The recent arrest of Andrew Mountbatten-Windsor, the third child and second son of late Queen Elizabeth II and the younger brother of King Charles III, by the British police on suspicion of misconduct in public office, has been a disgrace to the monarchy. In fact, the arrest makes him the first member of the British royal family detained by the police in hundreds of years. We need to go back to the English Civil War to find another royal who was taken into custody, before Andrew. King Charles I was accused of treason during the English Civil War, was arrested in 1649, tried and publicly executed.

Although Andrew was subsequently released under investigation by the police after spending much of his 66th birthday in custody, he did become the first senior British royal in modern history to face arrest. The former prince was questioned by the detectives from Thames Valley Police about his links to the late convicted sex offender Jeffrey Epstein. He, however, consistently and strenuously denied any wrongdoing.

Andrew, who pursued a military career serving for 22 years in the Royal Navy, and even flew helicopters in combat during the 1982 Falklands War, had later spent a decade as a UK trade envoy between 2001 and 2011. It is this decade that is under renewed scrutiny due to revelations about his long-term friendship with Epstein, who was jailed in 2008 for child sex offences.

In January 2026, the US Department of Justice released more than three million Epstein-related documents, including emails from Mountbatten-Windsor to Epstein. Some material did suggest Andrew sharing official reports from a 2010 Southeast Asia trade trip with the American financier. Following the disclosure of Epstein files, King Charles asked his brother to leave the Windsor property on February 2 and had to move out to the Sandringham Estate in Norfolk.

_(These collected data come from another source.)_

lemma pair_p2_of_degree_le:
  assumes "degree q \<le> m"
  shows "B q (p2 m) = coeff q m * h m"
proof -
  obtain c where q: "q = (\<Sum>k\<le>m. Polynomial.smult (c k) (p1 k))" and "c m = coeff q m"
    using monic_basis_expansion[OF p1_degree p1_monic assms] by blast
  have "B q (p2 m) = (\<Sum>k\<le>m. c k * B (p1 k) (p2 m))"
    by (subst q) (simp add: sum_left smult_left)
  also have "\<dots> = (\<Sum>k\<le>m. if k = m then c m * h m else 0)"
    by (intro sum.cong) (simp_all add: biorth)
  also have "\<dots> = c m * h m"
    by simp
  finally show ?thesis
    using \<open>c m = coeff q m\<close> by simp
qed

lemma biorthogonal_swap: "biorthogonal_system (\<lambda>f g. B g f) p2 p1 h"
proof (intro biorthogonal_system.intro laurent_form_swap biorthogonal_system_axioms.intro)
qed (rule h_nonzero p2_degree p2_monic p1_degree p1_monic | simp add: biorth)+

lemma pair_p1_of_degree_le:
  assumes "degree q \<le> m"
  shows "B (p1 m) q = coeff q m * h m"
  using biorthogonal_system.pair_p2_of_degree_le[OF biorthogonal_swap assms] .

lemma left_null_imp_zero:
  assumes deg: "degree q < n" and null: "\<And>j. j < n \<Longrightarrow> B q (monom 1 j) = 0"
  shows "q = 0"
proof (rule ccontr)
  assume "q \<noteq> 0"
  define d where "d = degree q"
  have "B q (p2 d) = (\<Sum>j\<le>d. coeff (p2 d) j * B q (monom 1 j))"
    using pair_monom_expansion_right[of q "p2 d"] by (simp add: p2_degree)
  also have "\<dots> = 0"
    using null deg by (simp add: d_def)
  finally have "B q (p2 d) = 0" .
  moreover have "B q (p2 d) = lead_coeff q * h d"
    using pair_p2_of_degree_le d_def by simp
  ultimately show False
    using \<open>q \<noteq> 0\<close> h_nonzero by simp
qed

lemma left_null_vanishing_at_zero:
  assumes deg: "degree g \<le> n" and root: "poly g 0 = 0"
    and null: "\<And>k. 1 \<le> k \<Longrightarrow> k \<le> n \<Longrightarrow> B g (monom 1 k) = 0"
  shows "g = 0"
proof -
  obtain a q where "g = pCons a q"
    by (rule pCons_cases)
  with root have g: "g = pCons 0 q"
    by simp
  have "q = 0"
  proof (cases "q = 0")
    case False
    then have "degree q < n"
      using deg g by simp
    moreover have "B q (monom 1 j) = 0" if "j < n" for j
      using null[of "Suc j"] that shift[of q "monom 1 j"] by (simp add: g monom_Suc)
    ultimately show ?thesis
      by (rule left_null_imp_zero)
  qed
  with g show ?thesis
    by simp
qed

lemma pair_reflect_p2_monom:
  assumes "k \<le> n"
  shows "B (reflect_poly (p2 n)) (monom 1 k) = (if k = 0 then h n else 0)"
proof -
  have "B (reflect_poly (p2 n)) (monom 1 k) = B (monom 1 (n - k)) (p2 n)"
  proof (rule laurent_cong)
    fix z :: 'a assume "z \<noteq> 0"
    have "z ^ n * inverse z ^ k = z ^ (n - k)"
      using assms \<open>z \<noteq> 0\<close> by (simp add: power_diff power_inverse divide_inverse)
    then show "poly (reflect_poly (p2 n)) z * poly (monom 1 k) (inverse z)
        = poly (monom 1 (n - k)) z * poly (p2 n) (inverse z)"
      using \<open>z \<noteq> 0\<close> by (simp add: poly_reflect_poly_nz p2_degree poly_monom mult_ac)
  qed
  also have "\<dots> = (if k = 0 then h n else 0)"
    using pair_p2_of_degree_le[of "monom 1 (n - k)" n] assms
    by (auto simp: degree_monom_eq coeff_monom)
  finally show ?thesis .
qed

lemma left_null_eq_smult_reflect_p2:
  assumes deg: "degree r \<le> n" and null: "\<And>k. 1 \<le> k \<Longrightarrow> k \<le> n \<Longrightarrow> B r (monom 1 k) = 0"
  shows "r = Polynomial.smult (poly r 0) (reflect_poly (p2 n))"
proof -
  let ?g = "r - Polynomial.smult (poly r 0) (reflect_poly (p2 n))"
  have "?g = 0"
  proof (rule left_null_vanishing_at_zero)
    show "degree ?g \<le> n"
      using deg degree_reflect_poly_le[of "p2 n"]
      by (intro degree_diff_le) (simp_all add: p2_degree)
    show "poly ?g 0 = 0"
      by (simp add: p2_monic)
    fix k assume "1 \<le> k" "k \<le> n"
    then show "B ?g (monom 1 k) = 0"
      using null pair_reflect_p2_monom by (simp add: diff_left smult_left)
  qed
  then show ?thesis
    by simp
qed

lemma pair_shift_p1_one: "B (pCons 0 (p1 n)) 1 = - h n * poly (p1 (Suc n)) 0"
proof -
  define r where "r = p1 (Suc n) - pCons 0 (p1 n)"
  have "degree r \<le> n"
  proof (rule degree_le, intro allI impI)
    fix i assume "n < i"
    then consider "i = Suc n" | "Suc n < i"
      by linarith
    then show "coeff r i = 0"
      by cases (simp_all add: r_def coeff_eq_0 p1_degree)
  qed
  moreover have "B r (monom 1 k) = 0" if "1 \<le> k" "k \<le> n" for k
  proof -
    obtain j where k: "k = Suc j"
      using \<open>1 \<le> k\<close> by (cases k) auto
    have "B (p1 (Suc n)) (monom 1 k) = 0"
      using pair_p1_of_degree_le[of "monom 1 k" "Suc n"] that by (simp add: degree_monom_eq)
    moreover have "B (pCons 0 (p1 n)) (monom 1 k) = 0"
      using shift[of "p1 n" "monom 1 j"] pair_p1_of_degree_le[of "monom 1 j" n] that
      by (simp add: k monom_Suc degree_monom_eq)
    ultimately show ?thesis
      by (simp add: r_def diff_left)
  qed
  ultimately have "r = Polynomial.smult (poly r 0) (reflect_poly (p2 n))"
    by (rule left_null_eq_smult_reflect_p2)
  then have "B r 1 = B (Polynomial.smult (poly r 0) (reflect_poly (p2 n))) 1"
    by (rule arg_cong)
  also have "\<dots> = poly r 0 * h n"
    using pair_reflect_p2_monom[of 0 n] by (simp add: smult_left)
  also have "poly r 0 = poly (p1 (Suc n)) 0"
    by (simp add: r_def)
  finally have "B r 1 = poly (p1 (Suc n)) 0 * h n" .
  moreover have "B (p1 (Suc n)) 1 = 0"
    using pair_p1_of_degree_le[of 1 "Suc n"] by simp
  moreover have "B (pCons 0 (p1 n)) 1 = B (p1 (Suc n)) 1 - B r 1"
    by (simp add: r_def diff_left)
  ultimately show ?thesis
    by simp
qed

lemma pair_p1_expansion:
  assumes "finite {m. c m \<noteq> 0}"
  shows "B (\<Sum>m | c m \<noteq> 0. Polynomial.smult (c m) (p1 m)) (p2 k) = c k * h k"
proof -
  have "B (\<Sum>m | c m \<noteq> 0. Polynomial.smult (c m) (p1 m)) (p2 k)
      = (\<Sum>m | c m \<noteq> 0. c m * B (p1 m) (p2 k))"
    by (simp add: sum_left[OF assms] smult_left)
  also have "\<dots> = (\<Sum>m | c m \<noteq> 0. if m = k then c k * h k else 0)"
    by (intro sum.cong) (simp_all add: biorth)
  also have "\<dots> = c k * h k"
    using assms by simp
  finally show ?thesis .
qed

lemma recurrence_row:
  assumes fin: "finite {m. L m \<noteq> 0}"
    and expand: "[:0, 1:] * p1 n = (\<Sum>m | L m \<noteq> 0. Polynomial.smult (L m) (p1 m))"
  shows "L (Suc n) = 1 \<and> (\<forall>m. m \<ge> n + 2 \<longrightarrow> L m = 0)
    \<and> (\<forall>m \<le> n. L m = - h n * poly (p1 (Suc n)) 0 * inverse (h m) * poly (p2 m) 0)"
proof -
  let ?X = "pCons 0 (p1 n)"
  have L: "L m = B ?X (p2 m) / h m" for m
    using pair_p1_expansion[OF fin, of m] expand h_nonzero[of m] by (simp add: eq_divide_eq)
  have deg_X: "degree ?X = Suc n"
    by (simp add: p1_degree)
  have "L (Suc n) = 1"
    using L[of "Suc n"] pair_p2_of_degree_le[of ?X "Suc n"] deg_X h_nonzero by simp
  moreover have "L m = 0" if "m \<ge> n + 2" for m
    using L[of m] pair_p2_of_degree_le[of ?X m] deg_X that by (simp add: coeff_eq_0)
  moreover have "L m = - h n * poly (p1 (Suc n)) 0 * inverse (h m) * poly (p2 m) 0" if "m \<le> n" for m
  proof -
    obtain a q where a_q: "p2 m = pCons a q"
      by (rule pCons_cases)
    have "coeff q i = 0" if "i \<ge> n" for i
      using that \<open>m \<le> n\<close> coeff_eq_0[of "p2 m" "Suc i"] unfolding p2_degree by (simp add: a_q)
    then have "B (p1 n) q = 0"
      using pair_p1_of_degree_le[of q n] degree_le[of n q] by simp
    have "B ?X (p2 m) = B ?X (Polynomial.smult a 1 + pCons 0 q)"
      by (simp add: a_q)
    also have "\<dots> = a * B ?X 1 + B (p1 n) q"
      by (simp only: add_right smult_right shift)
    finally have "B ?X (p2 m) = poly (p2 m) 0 * B ?X 1"
      using \<open>B (p1 n) q = 0\<close> by (simp add: a_q)
    then show ?thesis
      using L[of m] pair_shift_p1_one by (simp add: divide_inverse mult_ac)
  qed
  ultimately show ?thesis
    by blast
qed

end

lemma integrable_mult_bounded:
  fixes f g :: "'a \<Rightarrow> 'b::{real_normed_div_algebra, banach, second_countable_topology}"
  assumes f: "integrable M f" and g: "g \<in> borel_measurable M"
    and bound: "\<And>x. x \<in> space M \<Longrightarrow> norm (g x) \<le> K"
  shows "integrable M (\<lambda>x. f x * g x)"
proof -
  have "integrable M (\<lambda>x. K * norm (f x))"
    using f by (intro integrable_mult_right integrable_norm)
  then show ?thesis
  proof (rule Bochner_Integration.integrable_bound)
    show "(\<lambda>x. f x * g x) \<in> borel_measurable M"
      using borel_measurable_integrable[OF f] g by (rule borel_measurable_times)
    show "AE x in M. norm (f x * g x) \<le> norm (K * norm (f x))"
    proof (rule AE_I2)
      fix x assume "x \<in> space M"
      then have "norm (f x) * norm (g x) \<le> norm (f x) * \<bar>K\<bar>"
        using bound by (intro mult_left_mono) fastforce+
      then show "norm (f x * g x) \<le> norm (K * norm (f x))"
        by (simp add: norm_mult abs_mult mult.commute)
    qed
  qed
qed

The former prince first became publicly linked to Epstein in the early 2000s. The two were even photographed together on several occasions, including in New York in 2010, after Epstein had already served a jail sentence in Florida for child sex offences. However, it is not only allegations of misconduct in public office that are hounding Andrew. In 2021, Virginia Giuffre sued Andrew in the US court alleging that she was forced to have several sexual encounters with him in the early 2000s at the age of 17, after being sex trafficked by Epstein. Finally, both parties reached an out-of-court financial settlement in February 2022, and the case was dismissed in March 2022 without going to trial. Andrew admitted no liability in the settlement.

In a bizarre turn of events, Giuffre died by suicide in April 2025, while Andrew was stripped of his royal titles by his brother, King Charles III. Giuffre’s family responding to Andrew arrest said that “he was never a prince”. A conviction for the particular offence, which is investigated by the UK police, carries a maximum sentence of life imprisonment.

Andrew  in police custody is an embarrassing situation for the royal family. Sadly, it is also culmination towards slow descent into disgrace for the former prince, who was the favourite son of his late mother Queen Elizabeth II.